» Task objective
In the listing below, start your output at the line with "1) = 0\<^sub>m" and end it after the line with "by (rule detn_coords_ne_0[OF B_at_infinity", copying every line exactly.

○ ○ ○

section \<open>Uniqueness of the curve\<close>

locale normalized_curve = frame +
  fixes P :: "nat set \<Rightarrow> complex poly" and B :: "complex \<Rightarrow> complex \<Rightarrow> nat \<Rightarrow> nat \<Rightarrow> complex"
  assumes d_pos: "1 \<le> d"
    and P_degree: "\<And>I. degree (P I) \<le> d"
    and B_cvec: "\<And>s t j. (s,t) \<noteq> (0,0) \<Longrightarrow> j < d \<Longrightarrow> B s t j \<in> cvec (2*d)"
    and B_lin_indep: "\<And>s t. (s,t) \<noteq> (0,0) \<Longrightarrow> lin_indep d (B s t)"
    and B_plucker: "\<And>s t I. (s,t) \<noteq> (0,0) \<Longrightarrow> I \<in> psubsets d \<Longrightarrow> plucker d (B s t) I = hom_eval d (P I) s t"
    and B_at_0: "\<And>j. j < d \<Longrightarrow> B 1 0 j \<in> lin_span d a"
    and B_at_infinity: "\<And>j. j < d \<Longrightarrow> B 0 1 j \<in> lin_span d c"
    and B_at_1: "\<And>j. j < d \<Longrightarrow> B 1 1 j \<in> lin_span d (\<lambda>j i. a j i + c j i)"
begin

definition minor_poly :: "(nat \<Rightarrow> nat \<Rightarrow> complex) \<Rightarrow> complex poly" where
  "minor_poly Z = (\<Sum>k\<in>inj_tuples d (2*d). Polynomial.smult ((\<Prod>r<d. Z r (k r)) * sort_sign d k) (P (k ` {..<d})))"

lemma minor_poly_degree: "degree (minor_poly Z) \<le> d"
  unfolding minor_poly_def
  by (rule degree_sum_le[OF finite_inj_tuples]) (rule order_trans[OF degree_smult_le P_degree])

lemma hom_eval_minor_poly:
  assumes "(s,t) \<noteq> (0,0)"
  shows "hom_eval d (minor_poly Z) s t = detn d (\<lambda>r j. \<Sum>l<2*d. Z r l * B s t j l)"
  unfolding minor_poly_def hom_eval_sum hom_eval_smult cauchy_binet
  by (rule sum.cong) (use assms B_plucker image_inj_tuple_in_psubsets in auto)

lemma poly_minor_poly: "poly (minor_poly Z) z = detn d (\<lambda>r j. \<Sum>l<2*d. Z r l * B 1 z j l)"
  using hom_eval_minor_poly[of 1 z Z] hom_eval_1[OF minor_poly_degree] by simp

lemma coeff_minor_poly: "coeff (minor_poly Z) d = detn d (\<lambda>r j. \<Sum>l<2*d. Z r l * B 0 1 j l)"
  using hom_eval_minor_poly[of 0 1 Z] hom_eval_0 by simp

abbreviation X :: "complex \<Rightarrow> complex mat" where "X z \<equiv> xmat (B 1 z)"
abbreviation Y :: "complex \<Rightarrow> complex mat" where "Y z \<equiv> ymat (B 1 z)"

definition detX_poly where "detX_poly = minor_poly (\<lambda>r l. R r l)"
definition detY_poly where "detY_poly = minor_poly (\<lambda>r l. R (d + r) l)"
definition YadjX_poly where "YadjX_poly = Matrix.mat d d (\<lambda>(k,i). minor_poly (xrows_with_yrow i k))"
definition XadjY_poly where "XadjY_poly = Matrix.mat d d (\<lambda>(k,i). minor_poly (yrows_with_xrow i k))"

lemma YadjX_poly_carrier[simp]: "YadjX_poly \<in> carrier_mat d d"
  and XadjY_poly_carrier[simp]: "XadjY_poly \<in> carrier_mat d d"
  by (simp_all add: YadjX_poly_def XadjY_poly_def)

lemma poly_detX_poly: "poly detX_poly z = jdet (X z)"
  unfolding detX_poly_def poly_minor_poly detn_xrows ..

lemma poly_detY_poly: "poly detY_poly z = jdet (Y z)"
  unfolding detY_poly_def poly_minor_poly detn_yrows ..

lemma coeff_detY_poly: "coeff detY_poly d = jdet (ymat (B 0 1))"
  unfolding detY_poly_def coeff_minor_poly detn_yrows ..

lemma eval_YadjX_poly: "eval_mat z YadjX_poly = Y z * adj_mat (X z)"
proof (rule eq_matI)
  show "dim_row (eval_mat z YadjX_poly) = dim_row (Y z * adj_mat (X z))"
       "dim_col (eval_mat z YadjX_poly) = dim_col (Y z * adj_mat (X z))"
    using adj_mat(1)[OF xmat_carrier] by (simp_all add: YadjX_poly_def)
  fix k i assume "k < dim_row (Y z * adj_mat (X z))" "i < dim_col (Y z * adj_mat (X z))"
  then have ki: "k < d" "i < d" using adj_mat(1)[OF xmat_carrier] by auto
  show "eval_mat z YadjX_poly $$ (k, i) = (Y z * adj_mat (X z)) $$ (k, i)"
    using ki by (simp add: YadjX_poly_def poly_minor_poly detn_xrows_with_yrow)
qed

lemma eval_XadjY_poly: "eval_mat z XadjY_poly = X z * adj_mat (Y z)"
proof (rule eq_matI)
  show "dim_row (eval_mat z XadjY_poly) = dim_row (X z * adj_mat (Y z))"
       "dim_col (eval_mat z XadjY_poly) = dim_col (X z * adj_mat (Y z))"
    using adj_mat(1)[OF ymat_carrier] by (simp_all add: XadjY_poly_def)
  fix k i assume "k < dim_row (X z * adj_mat (Y z))" "i < dim_col (X z * adj_mat (Y z))"
  then have ki: "k < d" "i < d" using adj_mat(1)[OF ymat_carrier] by auto
  show "eval_mat z XadjY_poly $$ (k, i) = (X z * adj_mat (Y z)) $$ (k, i)"
    using ki by (simp add: XadjY_poly_def poly_minor_poly detn_yrows_with_xrow)
qed

lemma coeff_XadjY_poly: "k < d \<Longrightarrow> i < d \<Longrightarrow> coeff (XadjY_poly $$ (k,i)) d = (xmat (B 0 1) * adj_mat (ymat (B 0 1))) $$ (k, i)"
  by (simp add: XadjY_poly_def coeff_minor_poly detn_yrows_with_xrow)

lemma Y_0_eq_0: "Y 0 = 0\<^sub>m d d"
  by (rule eq_matI) (auto simp: ymat_def in_lin_span_a_coords B_at_0)

lemma det_X_0_ne_0: "jdet (X 0) \<noteq> 0"
  unfolding xmat_def detn_eq_det[symmetric]
  by (rule detn_coords_ne_0[OF B_at_0 B_lin_indep]) (simp_all add: coords_lincomb_a)

lemma X_infinity_eq_0: "xmat (B 0 1) = 0\<^sub>m d d"
  by (rule eq_matI) (auto simp: xmat_def in_lin_span_c_coords B_at_infinity)

lemma det_Y_infinity_ne_0: "jdet (ymat (B 0 1)) \<noteq> 0"
  unfolding ymat_def detn_eq_det[symmetric]
  by (rule detn_coords_ne_0[OF B_at_infinity B_lin_indep]) (simp_all add: coords_lincomb_c)

lemma Y_1_eq_X_1: "Y 1 = X 1"
  by (rule eq_matI) (auto simp: xmat_def ymat_def in_lin_span_a_plus_c_coords B_at_1)

lemma YX_poly_dims[simp]: "dim_row YadjX_poly = d" "dim_col YadjX_poly = d" "dim_row XadjY_poly = d" "dim_col XadjY_poly = d"
  by (simp_all add: YadjX_poly_def XadjY_poly_def)

lemma detY_poly_nz: "detY_poly \<noteq> 0" and degree_detY_poly: "degree detY_poly = d"
proof -
  have c: "coeff detY_poly d \<noteq> 0" using coeff_detY_poly det_Y_infinity_ne_0 by simp
  then show "detY_poly \<noteq> 0" by auto
  have "d \<le> degree detY_poly" using c by (rule le_degree)
  then show "degree detY_poly = d"
    using minor_poly_degree[of "\<lambda>r l. R (d + r) l"] unfolding detY_poly_def by simp
qed

lemma degree_XadjY_poly: "k < d \<Longrightarrow> i < d \<Longrightarrow> degree (XadjY_poly $$ (k,i)) \<le> d - 1"
proof -
  assume ki: "k < d" "i < d"
  have "coeff (XadjY_poly $$ (k,i)) d = 0"
    using ki coeff_XadjY_poly X_infinity_eq_0 adj_mat(1)[OF ymat_carrier]
    by simp
  moreover have "degree (XadjY_poly $$ (k,i)) \<le> d"
    using ki by (simp add: XadjY_poly_def minor_poly_degree)
  ultimately show ?thesis using degree_le_diff_1 d_pos by blast
qed

lemma det_XadjY_poly: "jdet XadjY_poly = detX_poly * detY_poly ^ (d - 1)"
proof (rule poly_eq_on_infinite[OF infinite_nonroots[OF detY_poly_nz]])
  fix z assume "z \<in> {z. poly detY_poly z \<noteq> 0}"
  then have nz: "jdet (Y z) \<noteq> 0" using poly_detY_poly by simp
  have "poly (jdet XadjY_poly) z = jdet (eval_mat z XadjY_poly)" by (simp add: eval_mat_det)
  also have "\<dots> = jdet (X z * adj_mat (Y z))" by (simp add: eval_XadjY_poly)
  also have "\<dots> = jdet (X z) * jdet (adj_mat (Y z))"
    by (rule det_mult[OF xmat_carrier adj_mat(1)[OF ymat_carrier]])
  also have "\<dots> = jdet (X z) * jdet (Y z) ^ (d - 1)"
    using det_adj_mat[OF ymat_carrier nz d_pos] by simp
  also have "\<dots> = poly (detX_poly * detY_poly ^ (d - 1)) z" by (simp add: poly_detX_poly poly_detY_poly)
  finally show "poly (jdet XadjY_poly) z = poly (detX_poly * detY_poly ^ (d - 1)) z" .
qed

lemma detX_poly_nz: "detX_poly \<noteq> 0"
  using poly_detX_poly[of 0] det_X_0_ne_0 by auto

lemma degree_detX_poly: "degree detX_poly = 0"
proof -
  have "degree (jdet XadjY_poly) \<le> (d - 1) * d"
    by (rule degree_det_le[OF _ XadjY_poly_carrier]) (use degree_XadjY_poly in force)
  moreover have "degree (detX_poly * detY_poly ^ (d - 1)) = degree detX_poly + (d - 1) * d"
    using detX_poly_nz detY_poly_nz by (simp add: degree_mult_eq degree_power_eq degree_detY_poly)
  ultimately show ?thesis using det_XadjY_poly by simp
qed

definition \<alpha> where "\<alpha> = jdet (X 0)"

lemma det_X: "jdet (X z) = \<alpha>"
  using poly_degree_0_const[OF degree_detX_poly, of z 0] by (simp add: poly_detX_poly \<alpha>_def)

lemma \<alpha>_nz: "\<alpha> \<noteq> 0" using det_X_0_ne_0 by (simp add: \<alpha>_def)

lemma YadjX_poly_at_0: "k < d \<Longrightarrow> i < d \<Longrightarrow> poly (YadjX_poly $$ (k,i)) 0 = 0"
proof -
  assume ki: "k < d" "i < d"
  have "poly (YadjX_poly $$ (k,i)) 0 = eval_mat 0 YadjX_poly $$ (k,i)"
    using ki by (simp add: YadjX_poly_def)
  also have "\<dots> = (Y 0 * adj_mat (X 0)) $$ (k,i)" by (simp add: eval_YadjX_poly)
  also have "\<dots> = 0" using ki by (simp add: Y_0_eq_0)
  finally show ?thesis .
qed

definition G_poly where "G_poly = Matrix.mat d d (\<lambda>(k,i). Polynomial.smult (1 / \<alpha>) (YadjX_poly $$ (k,i) div [:0,1:]))"

lemma G_poly_carrier[simp]: "G_poly \<in> carrier_mat d d" by (simp add: G_poly_def)
lemma G_poly_dims[simp]: "dim_row G_poly = d" "dim_col G_poly = d" by (simp_all add: G_poly_def)

abbreviation G where "G z \<equiv> eval_mat z G_poly"

lemma G_carrier[simp]: "G z \<in> carrier_mat d d" by simp

lemma eval_YadjX_poly_G: "eval_mat z YadjX_poly = (z * \<alpha>) \<cdot>\<^sub>m G z"
proof (rule eq_matI)
  fix k i assume "k < dim_row ((z * \<alpha>) \<cdot>\<^sub>m G z)" "i < dim_col ((z * \<alpha>) \<cdot>\<^sub>m G z)"
  then have ki: "k < d" "i < d" by (auto simp: G_poly_def)
  have e: "YadjX_poly $$ (k,i) = [:0,1:] * (YadjX_poly $$ (k,i) div [:0,1:])"
    by (rule poly_eq_x_mult_div_x[OF YadjX_poly_at_0[OF ki]])
  have "poly (YadjX_poly $$ (k,i)) z = z * poly (YadjX_poly $$ (k,i) div [:0,1:]) z"
    by (subst e) simp
  then show "eval_mat z YadjX_poly $$ (k,i) = ((z * \<alpha>) \<cdot>\<^sub>m G z) $$ (k,i)"
    using ki \<alpha>_nz by (simp add: G_poly_def)
qed (auto simp: YadjX_poly_def G_poly_def)

lemma YadjX_mult_X: "eval_mat z YadjX_poly * X z = \<alpha> \<cdot>\<^sub>m Y z"
proof -
  have "eval_mat z YadjX_poly * X z = Y z * (adj_mat (X z) * X z)"
    by (simp add: eval_YadjX_poly assoc_mult_mat[OF ymat_carrier adj_mat(1)[OF xmat_carrier] xmat_carrier])
  also have "\<dots> = Y z * (\<alpha> \<cdot>\<^sub>m 1\<^sub>m d)" using adj_mat(3)[OF xmat_carrier] det_X by simp
  also have "\<dots> = \<alpha> \<cdot>\<^sub>m Y z" by (simp add: mult_smult_distrib[OF ymat_carrier one_carrier_mat])
  finally show ?thesis .
qed

lemma Y_eq_G_X: "Y z = z \<cdot>\<^sub>m (G z * X z)"
proof (rule smult_mat_cancel[OF _ \<alpha>_nz])
  have "\<alpha> \<cdot>\<^sub>m Y z = ((z * \<alpha>) \<cdot>\<^sub>m G z) * X z" using YadjX_mult_X eval_YadjX_poly_G by simp
  also have "\<dots> = (z * \<alpha>) \<cdot>\<^sub>m (G z * X z)" by (rule mult_smult_assoc_mat[OF G_carrier xmat_carrier])
  finally show "\<alpha> \<cdot>\<^sub>m Y z = \<alpha> \<cdot>\<^sub>m (z \<cdot>\<^sub>m (G z * X z))" by (simp add: smult_smult_mat mult.commute)
qed

lemma detY_poly_eq: "detY_poly = Polynomial.smult \<alpha> ([:0,1:] ^ d * jdet G_poly)"
proof (rule poly_eq_on_infinite[of UNIV])
  show "infinite (UNIV :: complex set)" by (rule infinite_UNIV_char_0)
  fix z :: complex
  have "poly detY_poly z = jdet (Y z)" by (rule poly_detY_poly)
  also have "\<dots> = z ^ d * (jdet (G z) * jdet (X z))"
    by (simp add: Y_eq_G_X det_mult[OF G_carrier xmat_carrier])
  also have "\<dots> = poly (Polynomial.smult \<alpha> ([:0,1:] ^ d * jdet G_poly)) z"
    by (simp add: det_X eval_mat_det)
  finally show "poly detY_poly z = poly (Polynomial.smult \<alpha> ([:0,1:] ^ d * jdet G_poly)) z" .
qed

lemma det_G_poly_nz: "jdet G_poly \<noteq> 0" using detY_poly_nz detY_poly_eq by auto

lemma degree_det_G_poly: "degree (jdet G_poly) = 0"
proof -
  have "degree detY_poly = d + degree (jdet G_poly)"
    unfolding detY_poly_eq using \<alpha>_nz det_G_poly_nz by (simp add: degree_mult_eq degree_power_eq)
  then show ?thesis using degree_detY_poly by simp
qed

definition \<gamma> where "\<gamma> = jdet (G 0)"

lemma det_G: "jdet (G z) = \<gamma>"
  unfolding \<gamma>_def eval_mat_det using poly_degree_0_const[OF degree_det_G_poly] .

lemma \<gamma>_nz: "\<gamma> \<noteq> 0"
proof -
  have "coeff (jdet G_poly) 0 \<noteq> 0" using det_G_poly_nz degree_det_G_poly leading_coeff_0_iff by metis
  then show ?thesis unfolding \<gamma>_def eval_mat_det by (simp add: poly_altdef degree_det_G_poly)
qed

○ ○ ○

» Result of the task
lemma X_infinity_eq_0: "xmat (B 0 1) = 0\<^sub>m d d"
  by (rule eq_matI) (auto simp: xmat_def in_lin_span_c_coords B_at_infinity)

lemma det_Y_infinity_ne_0: "jdet (ymat (B 0 1)) \<noteq> 0"
  unfolding ymat_def detn_eq_det[symmetric]
  by (rule detn_coords_ne_0[OF B_at_infinity B_lin_indep]) (simp_all add: coords_lincomb_c)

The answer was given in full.